Companies that don’t want to bother with securing their Internet of Things (IoT) products may want to use Cloudflare’s new service, Orbit, which promises to secure their products for them.
Growing Problem Of IoT-Powered DDoS Attacks
By now, the low security of the IoT is well known. We’ve seen multiple massive distributed denial of service (DDoS) attacks last year that disrupted major online services.
The future isn’t looking too bright, either, with more and more companies big and small hurrying to release their own IoT products. Security is often treated as an afterthought, mainly because a lack of it doesn’t typically affect the people who buy a product, but also because new features and lower prices are prioritized. Something may need to change in the IoT marketplace to incentivize manufacturers to also care about security.
Cloudflare Says IoT Not Like PC Industry
Cloudflare argues that the PC security model, where a flaw is found and patched by Microsoft a month or several months later, can’t scale to tens of billions of IoT devices. The company said that one of the reasons why the two industries are the same is because nobody really wants to update their smart toaster or light bulbs.
The company has a point there -- few would want to update every single electronics product in their home. However, a solution that comes to mind would be to use automatic updates similar to the ones used by Chrome, Firefox, and other apps.
Cloudflare also said that the main reason why even enterprise users don’t apply patches to their IoT products is that those products aren’t designed to be patched. The company cited Chrysler Jeep’s remote execution bug, which the car-maker couldn’t patch over-the-air and had to recall 1.4 million cars to resolve, as an example of this problem.
Again, this seems like it would be a solvable issue, if only companies would actually design their products with software security and a robust update system in mind.

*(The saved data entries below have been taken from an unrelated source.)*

(* Let $K$ be the cycle Kirchhoff–Symanzik matrix and ${*K}$ the cocycle Kirchhoff–Symanzik matrix. Then every eigenvalue of $K$ and of ${*K}$ is $\ge 1$. Moreover, for every $\lambda>1$, $\lambda$ is an eigenvalue of $K$ if and only if it is an eigenvalue of ${*K}$, with the same multiplicity. Consequently the multiplicities $m_K(1)$, $m_{*K}(1)$ of the eigenvalue $1$ satisfy $m_K(1)-m_{*K}(1)=(|E|-|V|+1)-(|V|-1)$; in particular if $|E|=2|V|-2$ then $K$ and ${*K}$ have the same spectrum with multiplicities and are similar.
   Context: Setup. Let $G=(V,E)$ be a finite connected graph with oriented edges (loops and multiple edges allowed), with edge space $\mathbb{R}^{E}$ carrying the Euclidean inner product $\langle\cdot,\cdot\rangle$, each edge identified with its standard basis vector. Fix a spanning tree $T\subseteq E$ of the underlying undirected graph. Edges in $T$ are cochords $e_\mu$, $\mu=1,\dots,|V|-1$; edges not in $T$ are chords $e_\alpha$, $\alpha=|V|,\dots,|E|$. For a chord $e_\alpha$, $T\cup\{e_\alpha\}$ contains a unique cycle; $c_\alpha\in\mathbb{R}^E$ has entry $+1$ (resp. $-1$) on each edge of this cycle whose orientation agrees (resp. disagrees) with traversal of the cycle in the direction of $e_\alpha$, and $0$ elsewhere. For a cochord $e_\mu$, $T\setminus\{e_\mu\}$ has two components; let $S_\mu$ be the vertex set of the component containing the tail of $e_\mu$; $c_\mu\in\mathbb{R}^E$ has entry $+1$ on edges with tail in $S_\mu$ and head not in $S_\mu$, $-1$ on edges with head in $S_\mu$ and tail not in $S_\mu$, and $0$ elsewhere. The cycle Kirchhoff–Symanzik (KS) matrix is the $(|E|-|V|+1)\times(|E|-|V|+1)$ Gram matrix $K=(\langle c_\alpha,c_{\alpha'}\rangle)_{\alpha,\alpha'}$; the cocycle KS matrix is the $(|V|-1)\times(|V|-1)$ Gram matrix ${*K}=(\langle c_\mu,c_{\mu'}\rangle)_{\mu,\mu'}$. *)

theory Defs
  imports "Jordan_Normal_Form.Char_Poly" "Jordan_Normal_Form.Matrix"
begin

definition graph :: "'v set \<Rightarrow> 'e set \<Rightarrow> ('e \<Rightarrow> 'v) \<Rightarrow> ('e \<Rightarrow> 'v) \<Rightarrow> bool" where
  "graph V E tail head \<longleftrightarrow> finite V \<and> V \<noteq> {} \<and> finite E \<and> (\<forall>e\<in>E. tail e \<in> V \<and> head e \<in> V)"

definition adj :: "'e set \<Rightarrow> ('e \<Rightarrow> 'v) \<Rightarrow> ('e \<Rightarrow> 'v) \<Rightarrow> ('v \<times> 'v) set" where
  "adj F tail head = {(tail e, head e) | e. e \<in> F} \<union> {(head e, tail e) | e. e \<in> F}"

definition connected_on :: "'v set \<Rightarrow> 'e set \<Rightarrow> ('e \<Rightarrow> 'v) \<Rightarrow> ('e \<Rightarrow> 'v) \<Rightarrow> bool" where
  "connected_on V F tail head \<longleftrightarrow> (\<forall>u\<in>V. \<forall>v\<in>V. (u, v) \<in> (adj F tail head)\<^sup>*)"

definition spanning_tree :: "'v set \<Rightarrow> 'e set \<Rightarrow> ('e \<Rightarrow> 'v) \<Rightarrow> ('e \<Rightarrow> 'v) \<Rightarrow> 'e set \<Rightarrow> bool" where
  "spanning_tree V E tail head T \<longleftrightarrow> T \<subseteq> E \<and> connected_on V T tail head
     \<and> (\<forall>e\<in>T. \<not> connected_on V (T - {e}) tail head)"

definition einner :: "'e set \<Rightarrow> ('e \<Rightarrow> real) \<Rightarrow> ('e \<Rightarrow> real) \<Rightarrow> real" where
  "einner E x y = (\<Sum>e\<in>E. x e * y e)"

definition boundary :: "'e set \<Rightarrow> ('e \<Rightarrow> 'v) \<Rightarrow> ('e \<Rightarrow> 'v) \<Rightarrow> ('e \<Rightarrow> real) \<Rightarrow> 'v \<Rightarrow> real" where
  "boundary E tail head x v = (\<Sum>e\<in>E. x e * ((if head e = v then 1 else 0) - (if tail e = v then 1 else 0)))"

text \<open>Fundamental cycle vector of a chord a: the signed indicator of the unique cycle in
  T \<union> {a}, signs given by traversal in the direction of a.\<close>
definition cycle_vec :: "'e set \<Rightarrow> ('e \<Rightarrow> 'v) \<Rightarrow> ('e \<Rightarrow> 'v) \<Rightarrow> 'e set \<Rightarrow> 'e \<Rightarrow> ('e \<Rightarrow> real)" where
  "cycle_vec E tail head T a = (THE c. (\<forall>e. c e \<in> {-1, 0, 1}) \<and> (\<forall>e. e \<notin> T \<union> {a} \<longrightarrow> c e = 0)
      \<and> c a = 1 \<and> (\<forall>v. boundary E tail head c v = 0))"

definition cut_side :: "'v set \<Rightarrow> ('e \<Rightarrow> 'v) \<Rightarrow> ('e \<Rightarrow> 'v) \<Rightarrow> 'e set \<Rightarrow> 'e \<Rightarrow> 'v set" where
  "cut_side V tail head T m = {v \<in> V. (tail m, v) \<in> (adj (T - {m}) tail head)\<^sup>*}"

definition cocycle_vec :: "'v set \<Rightarrow> ('e \<Rightarrow> 'v) \<Rightarrow> ('e \<Rightarrow> 'v) \<Rightarrow> 'e set \<Rightarrow> 'e \<Rightarrow> ('e \<Rightarrow> real)" where
  "cocycle_vec V tail head T m = (\<lambda>e. let S = cut_side V tail head T m in
      if tail e \<in> S \<and> head e \<notin> S then 1 else if head e \<in> S \<and> tail e \<notin> S then -1 else 0)"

Cloudflare’s “Orbit” Solution IoT Security Problems
Cloudflare argues that it could solve many IoT security issues by interposing itself between the device maker and the user by offering a third-party security layer. The company said could have solved the Jeep security issues, for example, by using a firewall to restrict direct access to the car’s vulnerable software.
Cloudflare will also use its own anti-malware system to filter known malware from passing through its network. Additionally, its customers will be able to write their own rules for the Cloudflare firewall affecting their devices, similar to how a Windows user creates their own firewall rules on top of the default ones.
Cloudflare said that it’s already protecting 120 million IoT devices with its Orbit security layer, and that Lockitron, which makes smart door locks, is one of the companies benefiting from this security:
“Keeping our products and customers secure is our primary concern,” said Paul Gerhardt, co-founder of Lockitron. “Cloudflare provides an extra layer of security that allows us to keep our devices continually updated and ahead of any vulnerabilities,” he added.
An Old Solution To Even Older Security Problems
Although Cloudflare believes that the IoT industry isn’t like the PC industry, the security ecosystem of IoT devices feels much like the '90s era of Windows security. If IoT devices are like '90s Windows machines, then Cloudflare’s solution seems to be a 2000s-era security solution.
Firewalls started rising in popularity in the 2000s, but we’ve learned since then that they are far from impenetrable. In fact, companies such as Google and Duo are already moving away from such perimeter defenses in favor of better end-point security and other, more modern security systems.
That doesn’t mean Cloudflare’s solution isn’t a good one in the current wild, wild west of IoT security. Orbit could significantly improve the security of many IoT products on the market. However, it could be only a matter of time before this solution stops being enough, just as it happened in the PC market. Eventually, IoT manufacturers would likely learn that the best security is end-point security coupled with a solid update system.